I see him now out of the corner of my eye. He holds out his hand and calls my name without a sound. I cannot go to him this way, on his terms. He wants me Sasha, of that I am certain, but I can’t bear to think of his plans. I have to claim the power, the upper hand. He must be stopped, and I’ve finally figured out how to reach him. He must be met where he lives, and he lives in death. It is what he breathes, what flows through his veins. In death I will be his fuel; in feeding the evil I will become the monster, and hopefully I can control him. Strength is the key. I have to be stronger than him.

Or I may be crazy.

Sasha, I called you to come over and could hear the relief in your voice. You must have been worried when I suddenly ‘moved back home’. I am so sorry to put you through this, but you are the only one who can handle what I am asking. You are the strongest person I know. Just think of me as one of the bodies we talked over at work as we turned off machines and pulled up the sheet, distancing ourselves from what had to be done. Only I am luckier than those people because this is just the beginning of my true purpose.

This is the only way. Please try to understand.

Always,

Lily

* * *

Huddled in the safety of her own apartment, Sasha wiped tears from her eyes as she read the letter for what must have been the thousandth time. When she had arrived at Lily’s she was greeted by an unlocked door. A part of her knew what she would find. Making her way warily to the bedroom, Sasha found Lily lying peacefully on her bed, an empty pill bottle overturned on top of several sheets of paper. Lily’s intent had been to explain, to answer whatever questions her friend may have, but the letter resulted in a huge burden on Sasha’s shoulders. Guilt that haunted her every second, like the image of Lily’s blonde hair spread out like an angelic halo. Lily’s blue eyes waiting to be closed.

Co-workers shared some of these feelings.

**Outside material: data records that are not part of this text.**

theorem proposition4p2:
  fixes H :: "nat \<Rightarrow> 'a set" and n0 n1 :: "nat \<Rightarrow> nat"
  assumes "\<And>i. countable (H i)"
    and "\<And>i. \<exists>a b. a \<in> H i \<and> b \<in> H i \<and> a \<noteq> b"
    and "nbar_N n0 n1"
  shows "preorder_on (Qcond H n0 n1) (Qorder H n0 n1) \<and>
    (\<forall>p\<in>Qcond H n0 n1. \<forall>q\<in>Qcond H n0 n1.
       Qle H p q \<longleftrightarrow>
         (fst p \<subseteq>\<^sub>m fst q \<and>
          (\<forall>i. (\<exists>j. snd q j \<subseteq>\<^sub>m snd p i) \<or>
               (\<exists>m\<in>dom (fst q) \<inter> dom (snd p i). fst q m \<noteq> snd p i m))))"
proof (intro conjI[OF preorder_on_Qorder] ballI iffI)
  fix p q
  assume "p \<in> Qcond H n0 n1" "q \<in> Qcond H n0 n1" and le: "Qle H p q"
  then have p: "is_cond H n0 n1 p" and q: "is_cond H n0 n1 q"
    by (simp_all add: Qcond_def)
  have "(\<exists>j. snd q j \<subseteq>\<^sub>m snd p i) \<or>
        (\<exists>m\<in>dom (fst q) \<inter> dom (snd p i). fst q m \<noteq> snd p i m)" for i
    using sigma_covered_if_Qle[OF assms(2) p q le, of i] by blast
  with fst_map_le_if_Qle[OF assms(2,3) q le]
  show "fst p \<subseteq>\<^sub>m fst q \<and> (\<forall>i. (\<exists>j. snd q j \<subseteq>\<^sub>m snd p i) \<or>
          (\<exists>m\<in>dom (fst q) \<inter> dom (snd p i). fst q m \<noteq> snd p i m))"
    by blast
next
  fix p q :: "'a qcond"
  assume "fst p \<subseteq>\<^sub>m fst q \<and> (\<forall>i. (\<exists>j. snd q j \<subseteq>\<^sub>m snd p i) \<or>
          (\<exists>m\<in>dom (fst q) \<inter> dom (snd p i). fst q m \<noteq> snd p i m))"
  then show "Qle H p q"
    by (intro Qle_if_criterion) auto
qed

end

They questioned how so many health professionals could have missed the signs of depression. Sasha could take this a step further because she’d read the letter. How could a friend, a nurse, miss the signs of obsession and delusion? She could identify signs of mental illness in strangers but had missed them when it counted most.

The doorbell rang earlier than she’d expected, shaking her from her dream-state. It was time to move on, she reminded herself as she walked to the door. As hard as it would be, she knew she had to take that first step. It’s what Lily would have wanted.

Sasha opened the door and returned her date’s smile, and for a moment she lost herself in his dark, black eyes.